:: PROBLEM TO SOLVE ::
Find every line in the records below that contains the word "matrix", and copy each such line.

:: RECORD SET ::
(* Let $\mathcal X$ be a finite-dimensional operator system and $\mathcal X_0\subsetneq\mathcal X$ a proper operator subsystem. Then $\mathrm{Ind}_{\mathrm{CP}}(\mathcal X:\mathcal X_0)>1$.
   Context: For an operator system $\mathcal X$ with unit $1$, $\mathrm{CP}(\mathcal X)$ denotes the completely positive maps $\mathcal X\to\mathcal X$ and $\mathrm{CP}_1(\mathcal X)$ the set of $\varphi\in\mathrm{CP}(\mathcal X)$ with $\varphi(\mathbb C1)\subset\mathbb C1$. For an operator subsystem $\mathcal X_0\subset\mathcal X$, $\mathrm{Ind}_{\mathrm{CP}}(\mathcal X:\mathcal X_0)=\inf\{\|\varphi(1)\|:\varphi\in\mathrm{CP}_1(\mathcal X),\ \varphi(\mathcal X)\subset\mathcal X_0,\ \varphi-\mathrm{id}_{\mathcal X}\in\mathrm{CP}(\mathcal X)\}$ ($\infty$ if empty). *)

theory Defs
  imports "HOL-Analysis.Analysis"
begin

text \<open>A finite-dimensional complex vector space is modelled (up to linear isomorphism)
as complex^'d with 'd a finite type. Matrices over it are functions nat => nat => _ ,
an n x n matrix being one that vanishes outside indices < n.
An abstract operator system (Choi--Effros) is given by an involution, a unit e and
matrix cones C n.\<close>

definition mat_n :: "nat \<Rightarrow> (nat \<Rightarrow> nat \<Rightarrow> 'b::zero) set" where
  "mat_n n = {M. \<forall>i j. (n \<le> i \<or> n \<le> j) \<longrightarrow> M i j = 0}"

definition madj :: "('v \<Rightarrow> 'v) \<Rightarrow> nat \<Rightarrow> (nat \<Rightarrow> nat \<Rightarrow> 'v) \<Rightarrow> (nat \<Rightarrow> nat \<Rightarrow> 'v::zero)" where
  "madj star n M = (\<lambda>i j. if i < n \<and> j < n then star (M j i) else 0)"

text \<open>A^* M A for a scalar n x m matrix A and M in M_n(X).\<close>
definition mcongr :: "nat \<Rightarrow> nat \<Rightarrow> (nat \<Rightarrow> nat \<Rightarrow> complex) \<Rightarrow> (nat \<Rightarrow> nat \<Rightarrow> complex^'d)
    \<Rightarrow> (nat \<Rightarrow> nat \<Rightarrow> complex^'d)" where
  "mcongr n m A M = (\<lambda>k l. if k < m \<and> l < m
      then (\<Sum>i<n. \<Sum>j<n. (cnj (A i k) * A j l) *s M i j) else 0)"

definition mdiag :: "nat \<Rightarrow> 'v \<Rightarrow> (nat \<Rightarrow> nat \<Rightarrow> 'v::zero)" where
  "mdiag n x = (\<lambda>i j. if i = j \<and> i < n then x else 0)"

definition operator_system ::
  "(complex^'d \<Rightarrow> complex^'d) \<Rightarrow> complex^'d \<Rightarrow> (nat \<Rightarrow> (nat \<Rightarrow> nat \<Rightarrow> complex^'d) set) \<Rightarrow> bool" where
  "operator_system star e C \<longleftrightarrow>
     (\<forall>x y. star (x + y) = star x + star y) \<and>
     (\<forall>c x. star (c *s x) = cnj c *s star x) \<and>
     (\<forall>x. star (star x) = x) \<and>
     star e = e \<and>
     (\<forall>n. C n \<subseteq> {M \<in> mat_n n. madj star n M = M}) \<and>
     (\<forall>n M N. M \<in> C n \<longrightarrow> N \<in> C n \<longrightarrow> (\<lambda>i j. M i j + N i j) \<in> C n) \<and>
     (\<forall>n M (r::real). M \<in> C n \<longrightarrow> r \<ge> 0 \<longrightarrow> (\<lambda>i j. complex_of_real r *s M i j) \<in> C n) \<and>
     (\<forall>n m A M. M \<in> C n \<longrightarrow> mcongr n m A M \<in> C m) \<and>
     (\<forall>n M. M \<in> C n \<longrightarrow> (\<lambda>i j. - M i j) \<in> C n \<longrightarrow> M = (\<lambda>i j. 0)) \<and>
     (\<forall>n H. H \<in> mat_n n \<longrightarrow> madj star n H = H \<longrightarrow>
        (\<exists>r>0. (\<lambda>i j. complex_of_real r *s mdiag n e i j + H i j) \<in> C n)) \<and>
     (\<forall>n H. H \<in> mat_n n \<longrightarrow> madj star n H = H \<longrightarrow>
        (\<forall>r>0. (\<lambda>i j. complex_of_real r *s mdiag n e i j + H i j) \<in> C n) \<longrightarrow> H \<in> C n)"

:: ANSWER TO THIS TASK ::
an n x n matrix being one that vanishes outside indices < n.
matrix cones C n.\<close>
text \<open>A^* M A for a scalar n x m matrix A and M in M_n(X).\<close>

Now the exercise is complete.